Records from a dataset:
'''

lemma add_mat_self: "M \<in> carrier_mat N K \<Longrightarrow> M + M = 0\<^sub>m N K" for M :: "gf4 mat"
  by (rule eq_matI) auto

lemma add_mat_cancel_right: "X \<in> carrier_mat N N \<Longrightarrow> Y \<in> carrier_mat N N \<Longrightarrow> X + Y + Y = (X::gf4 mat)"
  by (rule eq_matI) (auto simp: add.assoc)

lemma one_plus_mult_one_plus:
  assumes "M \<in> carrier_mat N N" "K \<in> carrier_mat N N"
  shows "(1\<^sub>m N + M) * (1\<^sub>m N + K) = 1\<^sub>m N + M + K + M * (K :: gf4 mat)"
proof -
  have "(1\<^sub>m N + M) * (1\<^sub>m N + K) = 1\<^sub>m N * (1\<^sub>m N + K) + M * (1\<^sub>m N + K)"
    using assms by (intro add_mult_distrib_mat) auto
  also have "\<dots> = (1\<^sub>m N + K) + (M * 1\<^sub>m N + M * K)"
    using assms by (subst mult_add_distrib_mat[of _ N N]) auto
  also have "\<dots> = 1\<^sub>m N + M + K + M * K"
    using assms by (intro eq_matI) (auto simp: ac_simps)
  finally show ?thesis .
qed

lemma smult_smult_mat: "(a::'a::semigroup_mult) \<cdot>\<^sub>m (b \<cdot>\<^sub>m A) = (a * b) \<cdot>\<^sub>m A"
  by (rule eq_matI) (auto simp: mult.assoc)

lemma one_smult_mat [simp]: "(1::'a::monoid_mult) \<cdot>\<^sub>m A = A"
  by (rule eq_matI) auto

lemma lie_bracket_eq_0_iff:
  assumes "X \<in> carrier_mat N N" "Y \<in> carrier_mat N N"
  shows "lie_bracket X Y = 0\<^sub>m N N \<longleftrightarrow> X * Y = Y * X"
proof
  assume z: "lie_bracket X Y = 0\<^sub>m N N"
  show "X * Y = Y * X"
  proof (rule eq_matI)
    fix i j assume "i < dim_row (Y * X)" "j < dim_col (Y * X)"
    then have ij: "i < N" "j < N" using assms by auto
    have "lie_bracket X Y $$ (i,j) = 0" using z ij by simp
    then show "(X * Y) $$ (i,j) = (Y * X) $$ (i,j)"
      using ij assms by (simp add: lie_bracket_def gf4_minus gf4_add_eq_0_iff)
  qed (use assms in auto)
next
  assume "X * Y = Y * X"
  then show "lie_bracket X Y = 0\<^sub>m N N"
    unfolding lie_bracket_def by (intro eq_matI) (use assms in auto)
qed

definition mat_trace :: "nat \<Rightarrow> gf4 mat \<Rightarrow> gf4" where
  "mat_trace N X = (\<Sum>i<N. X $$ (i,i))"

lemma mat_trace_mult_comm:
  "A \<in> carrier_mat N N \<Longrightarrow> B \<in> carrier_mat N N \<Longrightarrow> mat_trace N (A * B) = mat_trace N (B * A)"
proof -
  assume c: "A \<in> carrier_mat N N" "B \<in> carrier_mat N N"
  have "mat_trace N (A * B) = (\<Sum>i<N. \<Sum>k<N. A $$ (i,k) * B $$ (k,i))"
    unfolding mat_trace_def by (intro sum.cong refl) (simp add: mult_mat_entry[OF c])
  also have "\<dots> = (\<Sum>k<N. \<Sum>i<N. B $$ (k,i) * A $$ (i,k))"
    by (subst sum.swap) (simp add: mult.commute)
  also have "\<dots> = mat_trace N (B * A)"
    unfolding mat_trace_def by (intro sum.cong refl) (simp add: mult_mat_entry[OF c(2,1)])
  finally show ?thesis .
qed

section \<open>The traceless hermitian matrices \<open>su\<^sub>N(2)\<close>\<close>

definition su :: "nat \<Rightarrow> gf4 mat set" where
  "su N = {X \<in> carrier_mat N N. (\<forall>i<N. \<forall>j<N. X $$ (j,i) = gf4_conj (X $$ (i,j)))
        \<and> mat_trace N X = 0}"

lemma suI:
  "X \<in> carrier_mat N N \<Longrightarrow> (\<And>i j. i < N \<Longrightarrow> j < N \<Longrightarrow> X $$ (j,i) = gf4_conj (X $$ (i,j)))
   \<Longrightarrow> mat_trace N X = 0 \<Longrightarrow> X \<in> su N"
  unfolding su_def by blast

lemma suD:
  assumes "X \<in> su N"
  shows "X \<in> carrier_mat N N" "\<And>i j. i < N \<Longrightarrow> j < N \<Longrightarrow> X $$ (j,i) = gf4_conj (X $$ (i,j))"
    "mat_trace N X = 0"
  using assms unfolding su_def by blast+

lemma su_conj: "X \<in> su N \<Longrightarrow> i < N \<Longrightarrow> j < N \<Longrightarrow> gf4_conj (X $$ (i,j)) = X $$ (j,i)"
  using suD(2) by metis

'''
'''

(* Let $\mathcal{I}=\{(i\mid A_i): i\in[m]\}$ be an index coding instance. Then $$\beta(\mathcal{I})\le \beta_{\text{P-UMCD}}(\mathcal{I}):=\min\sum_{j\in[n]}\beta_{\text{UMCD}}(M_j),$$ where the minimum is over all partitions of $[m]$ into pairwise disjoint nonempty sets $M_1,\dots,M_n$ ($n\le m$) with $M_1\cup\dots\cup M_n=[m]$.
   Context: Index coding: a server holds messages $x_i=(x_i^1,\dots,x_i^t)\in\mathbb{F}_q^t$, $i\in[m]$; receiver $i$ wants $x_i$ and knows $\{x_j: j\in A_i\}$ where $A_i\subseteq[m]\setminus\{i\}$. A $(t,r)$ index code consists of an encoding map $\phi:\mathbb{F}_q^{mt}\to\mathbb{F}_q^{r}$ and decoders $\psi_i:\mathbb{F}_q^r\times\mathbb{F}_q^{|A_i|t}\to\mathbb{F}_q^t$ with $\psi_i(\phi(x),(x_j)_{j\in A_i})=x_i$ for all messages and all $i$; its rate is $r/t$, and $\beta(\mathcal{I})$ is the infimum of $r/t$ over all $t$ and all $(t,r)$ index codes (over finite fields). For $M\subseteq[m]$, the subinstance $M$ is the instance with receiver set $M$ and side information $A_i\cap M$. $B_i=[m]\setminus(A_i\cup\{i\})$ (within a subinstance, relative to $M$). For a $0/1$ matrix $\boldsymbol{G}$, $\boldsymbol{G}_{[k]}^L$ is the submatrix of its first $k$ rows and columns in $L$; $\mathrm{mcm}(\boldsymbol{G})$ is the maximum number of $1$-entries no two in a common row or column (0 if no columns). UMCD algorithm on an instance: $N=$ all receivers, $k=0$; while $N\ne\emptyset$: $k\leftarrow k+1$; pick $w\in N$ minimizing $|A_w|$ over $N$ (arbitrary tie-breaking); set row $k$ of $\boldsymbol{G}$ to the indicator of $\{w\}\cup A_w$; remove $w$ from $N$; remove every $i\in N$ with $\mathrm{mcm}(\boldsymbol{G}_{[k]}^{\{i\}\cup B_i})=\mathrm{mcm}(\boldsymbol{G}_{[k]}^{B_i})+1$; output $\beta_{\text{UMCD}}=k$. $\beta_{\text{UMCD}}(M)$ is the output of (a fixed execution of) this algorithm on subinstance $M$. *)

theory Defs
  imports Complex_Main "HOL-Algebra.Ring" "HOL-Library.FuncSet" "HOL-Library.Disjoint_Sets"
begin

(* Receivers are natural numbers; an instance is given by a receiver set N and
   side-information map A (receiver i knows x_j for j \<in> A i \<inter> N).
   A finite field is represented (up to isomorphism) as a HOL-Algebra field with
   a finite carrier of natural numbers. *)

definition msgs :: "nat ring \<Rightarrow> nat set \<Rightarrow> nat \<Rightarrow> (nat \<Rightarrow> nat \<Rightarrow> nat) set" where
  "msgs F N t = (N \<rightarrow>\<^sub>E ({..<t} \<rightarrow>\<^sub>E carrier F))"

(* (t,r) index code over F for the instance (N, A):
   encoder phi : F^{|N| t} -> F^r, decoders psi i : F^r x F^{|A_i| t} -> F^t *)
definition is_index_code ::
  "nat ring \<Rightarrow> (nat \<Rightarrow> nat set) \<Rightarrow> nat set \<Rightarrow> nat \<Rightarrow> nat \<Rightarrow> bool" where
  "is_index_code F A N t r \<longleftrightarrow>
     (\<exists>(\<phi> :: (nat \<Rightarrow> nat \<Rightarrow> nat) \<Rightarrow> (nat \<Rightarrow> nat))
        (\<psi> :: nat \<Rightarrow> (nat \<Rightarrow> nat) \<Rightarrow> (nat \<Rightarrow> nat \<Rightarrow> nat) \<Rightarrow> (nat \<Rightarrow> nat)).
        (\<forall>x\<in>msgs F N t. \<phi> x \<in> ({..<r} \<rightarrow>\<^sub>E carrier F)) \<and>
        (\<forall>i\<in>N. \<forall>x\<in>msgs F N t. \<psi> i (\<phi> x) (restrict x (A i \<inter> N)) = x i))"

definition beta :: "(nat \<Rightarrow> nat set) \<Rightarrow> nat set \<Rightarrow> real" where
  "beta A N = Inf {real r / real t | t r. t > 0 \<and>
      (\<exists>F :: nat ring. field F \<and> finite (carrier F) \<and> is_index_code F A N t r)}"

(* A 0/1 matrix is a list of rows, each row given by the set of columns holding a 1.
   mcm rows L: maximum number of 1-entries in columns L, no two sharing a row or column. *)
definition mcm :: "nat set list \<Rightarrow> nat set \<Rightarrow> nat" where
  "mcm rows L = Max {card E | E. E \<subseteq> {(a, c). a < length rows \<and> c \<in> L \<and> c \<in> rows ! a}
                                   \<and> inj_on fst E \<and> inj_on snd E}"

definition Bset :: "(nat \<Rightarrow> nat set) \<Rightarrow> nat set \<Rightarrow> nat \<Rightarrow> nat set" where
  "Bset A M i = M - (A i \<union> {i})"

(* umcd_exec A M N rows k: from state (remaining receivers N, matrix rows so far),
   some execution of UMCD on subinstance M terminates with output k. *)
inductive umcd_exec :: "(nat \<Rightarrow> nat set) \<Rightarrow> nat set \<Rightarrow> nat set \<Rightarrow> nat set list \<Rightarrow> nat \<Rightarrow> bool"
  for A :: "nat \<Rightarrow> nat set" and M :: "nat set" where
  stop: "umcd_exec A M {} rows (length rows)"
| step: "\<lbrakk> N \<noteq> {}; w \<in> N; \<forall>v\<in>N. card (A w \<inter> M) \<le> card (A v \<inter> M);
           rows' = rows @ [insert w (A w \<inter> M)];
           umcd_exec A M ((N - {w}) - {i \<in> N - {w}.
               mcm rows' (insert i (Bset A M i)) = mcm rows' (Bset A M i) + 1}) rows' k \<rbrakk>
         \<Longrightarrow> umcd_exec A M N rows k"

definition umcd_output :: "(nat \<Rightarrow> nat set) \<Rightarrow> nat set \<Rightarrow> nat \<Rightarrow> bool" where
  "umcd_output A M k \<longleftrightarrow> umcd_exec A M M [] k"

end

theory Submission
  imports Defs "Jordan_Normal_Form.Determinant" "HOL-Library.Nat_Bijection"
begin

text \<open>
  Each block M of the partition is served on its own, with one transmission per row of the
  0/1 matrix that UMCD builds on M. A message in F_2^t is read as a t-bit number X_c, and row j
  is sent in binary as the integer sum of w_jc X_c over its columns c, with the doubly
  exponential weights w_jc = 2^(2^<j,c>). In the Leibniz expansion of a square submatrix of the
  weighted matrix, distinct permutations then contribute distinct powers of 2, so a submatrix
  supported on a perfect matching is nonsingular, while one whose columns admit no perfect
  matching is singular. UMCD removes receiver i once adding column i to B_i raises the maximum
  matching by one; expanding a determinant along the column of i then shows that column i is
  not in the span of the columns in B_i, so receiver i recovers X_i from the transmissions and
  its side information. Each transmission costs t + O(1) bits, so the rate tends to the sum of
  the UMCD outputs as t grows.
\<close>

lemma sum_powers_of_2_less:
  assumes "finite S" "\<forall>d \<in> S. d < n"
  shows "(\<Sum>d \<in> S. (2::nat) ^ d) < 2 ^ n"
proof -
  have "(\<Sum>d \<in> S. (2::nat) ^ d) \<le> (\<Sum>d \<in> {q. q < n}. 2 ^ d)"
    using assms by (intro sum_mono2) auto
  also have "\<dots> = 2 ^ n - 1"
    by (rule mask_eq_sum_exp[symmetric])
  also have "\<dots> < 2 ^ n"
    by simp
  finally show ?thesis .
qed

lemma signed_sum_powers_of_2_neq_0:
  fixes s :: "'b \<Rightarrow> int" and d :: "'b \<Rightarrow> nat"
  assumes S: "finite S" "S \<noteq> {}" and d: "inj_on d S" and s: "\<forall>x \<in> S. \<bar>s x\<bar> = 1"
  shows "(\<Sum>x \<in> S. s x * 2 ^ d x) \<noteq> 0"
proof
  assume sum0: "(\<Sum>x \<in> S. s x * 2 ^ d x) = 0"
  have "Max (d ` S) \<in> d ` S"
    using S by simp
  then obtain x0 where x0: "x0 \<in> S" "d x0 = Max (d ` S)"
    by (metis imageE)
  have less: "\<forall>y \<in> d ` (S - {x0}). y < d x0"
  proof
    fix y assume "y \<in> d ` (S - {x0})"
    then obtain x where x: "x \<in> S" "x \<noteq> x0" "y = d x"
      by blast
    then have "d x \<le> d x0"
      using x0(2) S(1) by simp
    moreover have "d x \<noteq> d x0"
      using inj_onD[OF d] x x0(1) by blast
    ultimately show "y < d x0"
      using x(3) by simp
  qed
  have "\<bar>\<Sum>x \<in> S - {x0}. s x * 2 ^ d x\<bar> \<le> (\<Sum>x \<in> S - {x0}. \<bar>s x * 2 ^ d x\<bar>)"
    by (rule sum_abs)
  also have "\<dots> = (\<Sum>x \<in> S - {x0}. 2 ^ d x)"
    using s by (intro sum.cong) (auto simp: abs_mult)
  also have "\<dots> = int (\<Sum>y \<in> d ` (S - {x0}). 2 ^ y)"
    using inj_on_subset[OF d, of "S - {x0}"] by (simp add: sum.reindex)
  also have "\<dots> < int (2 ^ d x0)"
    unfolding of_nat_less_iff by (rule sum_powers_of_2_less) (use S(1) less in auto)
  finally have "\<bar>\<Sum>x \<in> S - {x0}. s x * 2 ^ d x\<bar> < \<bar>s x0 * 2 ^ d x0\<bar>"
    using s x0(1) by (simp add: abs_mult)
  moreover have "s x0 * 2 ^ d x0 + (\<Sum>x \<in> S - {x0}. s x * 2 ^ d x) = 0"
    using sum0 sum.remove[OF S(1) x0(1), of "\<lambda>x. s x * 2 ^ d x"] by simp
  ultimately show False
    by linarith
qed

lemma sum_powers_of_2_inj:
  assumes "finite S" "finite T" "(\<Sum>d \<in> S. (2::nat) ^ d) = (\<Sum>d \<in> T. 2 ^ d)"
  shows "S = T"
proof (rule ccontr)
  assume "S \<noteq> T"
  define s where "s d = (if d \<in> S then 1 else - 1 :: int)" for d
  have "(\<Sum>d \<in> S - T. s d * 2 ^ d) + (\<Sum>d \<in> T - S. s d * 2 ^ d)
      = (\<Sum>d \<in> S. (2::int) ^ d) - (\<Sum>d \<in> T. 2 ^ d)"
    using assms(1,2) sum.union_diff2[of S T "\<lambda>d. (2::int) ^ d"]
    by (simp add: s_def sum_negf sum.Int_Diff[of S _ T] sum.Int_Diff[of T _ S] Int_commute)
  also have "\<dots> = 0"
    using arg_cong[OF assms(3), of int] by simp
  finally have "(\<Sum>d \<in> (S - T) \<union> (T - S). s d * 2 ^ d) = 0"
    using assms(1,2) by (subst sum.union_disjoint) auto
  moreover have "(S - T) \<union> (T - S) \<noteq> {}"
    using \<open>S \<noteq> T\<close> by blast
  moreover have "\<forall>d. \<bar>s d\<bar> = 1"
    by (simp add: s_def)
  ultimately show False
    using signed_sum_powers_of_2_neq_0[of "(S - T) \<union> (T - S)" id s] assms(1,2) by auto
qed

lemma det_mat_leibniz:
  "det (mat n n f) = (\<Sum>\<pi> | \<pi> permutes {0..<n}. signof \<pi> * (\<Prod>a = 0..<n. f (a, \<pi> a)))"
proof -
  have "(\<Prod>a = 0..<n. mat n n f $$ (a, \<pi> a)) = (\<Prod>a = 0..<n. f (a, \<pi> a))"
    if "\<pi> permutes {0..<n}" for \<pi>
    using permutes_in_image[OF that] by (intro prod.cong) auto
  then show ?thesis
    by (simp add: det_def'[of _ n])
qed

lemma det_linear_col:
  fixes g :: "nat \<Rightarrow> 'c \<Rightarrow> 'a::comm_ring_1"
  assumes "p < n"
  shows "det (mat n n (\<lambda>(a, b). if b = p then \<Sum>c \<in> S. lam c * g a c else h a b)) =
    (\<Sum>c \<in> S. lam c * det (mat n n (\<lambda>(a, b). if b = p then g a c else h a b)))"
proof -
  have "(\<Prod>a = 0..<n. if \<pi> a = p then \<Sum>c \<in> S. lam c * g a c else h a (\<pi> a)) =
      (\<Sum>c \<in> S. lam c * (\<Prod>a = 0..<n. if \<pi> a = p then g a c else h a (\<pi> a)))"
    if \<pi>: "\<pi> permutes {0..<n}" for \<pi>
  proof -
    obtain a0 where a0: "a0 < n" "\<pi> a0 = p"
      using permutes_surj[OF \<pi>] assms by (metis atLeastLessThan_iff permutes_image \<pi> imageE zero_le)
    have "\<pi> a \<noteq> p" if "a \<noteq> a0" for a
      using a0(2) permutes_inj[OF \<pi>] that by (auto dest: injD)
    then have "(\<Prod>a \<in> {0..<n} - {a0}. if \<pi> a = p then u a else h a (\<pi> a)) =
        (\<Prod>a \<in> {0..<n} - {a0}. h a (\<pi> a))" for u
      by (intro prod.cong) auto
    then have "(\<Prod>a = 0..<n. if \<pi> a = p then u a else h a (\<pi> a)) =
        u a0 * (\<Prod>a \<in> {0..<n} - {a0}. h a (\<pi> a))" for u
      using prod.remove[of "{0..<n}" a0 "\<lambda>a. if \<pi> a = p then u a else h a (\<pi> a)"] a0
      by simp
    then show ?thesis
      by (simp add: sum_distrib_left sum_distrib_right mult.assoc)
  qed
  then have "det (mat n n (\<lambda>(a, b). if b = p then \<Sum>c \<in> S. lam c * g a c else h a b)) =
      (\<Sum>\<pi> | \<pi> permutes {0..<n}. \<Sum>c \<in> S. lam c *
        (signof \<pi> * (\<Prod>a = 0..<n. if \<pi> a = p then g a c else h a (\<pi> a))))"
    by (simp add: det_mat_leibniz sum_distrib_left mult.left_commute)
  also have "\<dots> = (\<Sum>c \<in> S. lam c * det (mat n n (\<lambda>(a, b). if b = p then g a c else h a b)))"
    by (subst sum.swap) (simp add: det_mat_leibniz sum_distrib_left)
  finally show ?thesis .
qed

'''

**Work order:** The required answer is the run of lines above, starting at the line with "using \<open>S \<noteq>" and ending at the line with "(\<Sum>c \<in> S. lam c * (\<Prod>a", reproduced exactly with both ends.

**Written solution:**
    using \<open>S \<noteq> T\<close> by blast
  moreover have "\<forall>d. \<bar>s d\<bar> = 1"
    by (simp add: s_def)
  ultimately show False
    using signed_sum_powers_of_2_neq_0[of "(S - T) \<union> (T - S)" id s] assms(1,2) by auto
qed

lemma det_mat_leibniz:
  "det (mat n n f) = (\<Sum>\<pi> | \<pi> permutes {0..<n}. signof \<pi> * (\<Prod>a = 0..<n. f (a, \<pi> a)))"
proof -
  have "(\<Prod>a = 0..<n. mat n n f $$ (a, \<pi> a)) = (\<Prod>a = 0..<n. f (a, \<pi> a))"
    if "\<pi> permutes {0..<n}" for \<pi>
    using permutes_in_image[OF that] by (intro prod.cong) auto
  then show ?thesis
    by (simp add: det_def'[of _ n])
qed

lemma det_linear_col:
  fixes g :: "nat \<Rightarrow> 'c \<Rightarrow> 'a::comm_ring_1"
  assumes "p < n"
  shows "det (mat n n (\<lambda>(a, b). if b = p then \<Sum>c \<in> S. lam c * g a c else h a b)) =
    (\<Sum>c \<in> S. lam c * det (mat n n (\<lambda>(a, b). if b = p then g a c else h a b)))"
proof -
  have "(\<Prod>a = 0..<n. if \<pi> a = p then \<Sum>c \<in> S. lam c * g a c else h a (\<pi> a)) =
      (\<Sum>c \<in> S. lam c * (\<Prod>a = 0..<n. if \<pi> a = p then g a c else h a (\<pi> a)))"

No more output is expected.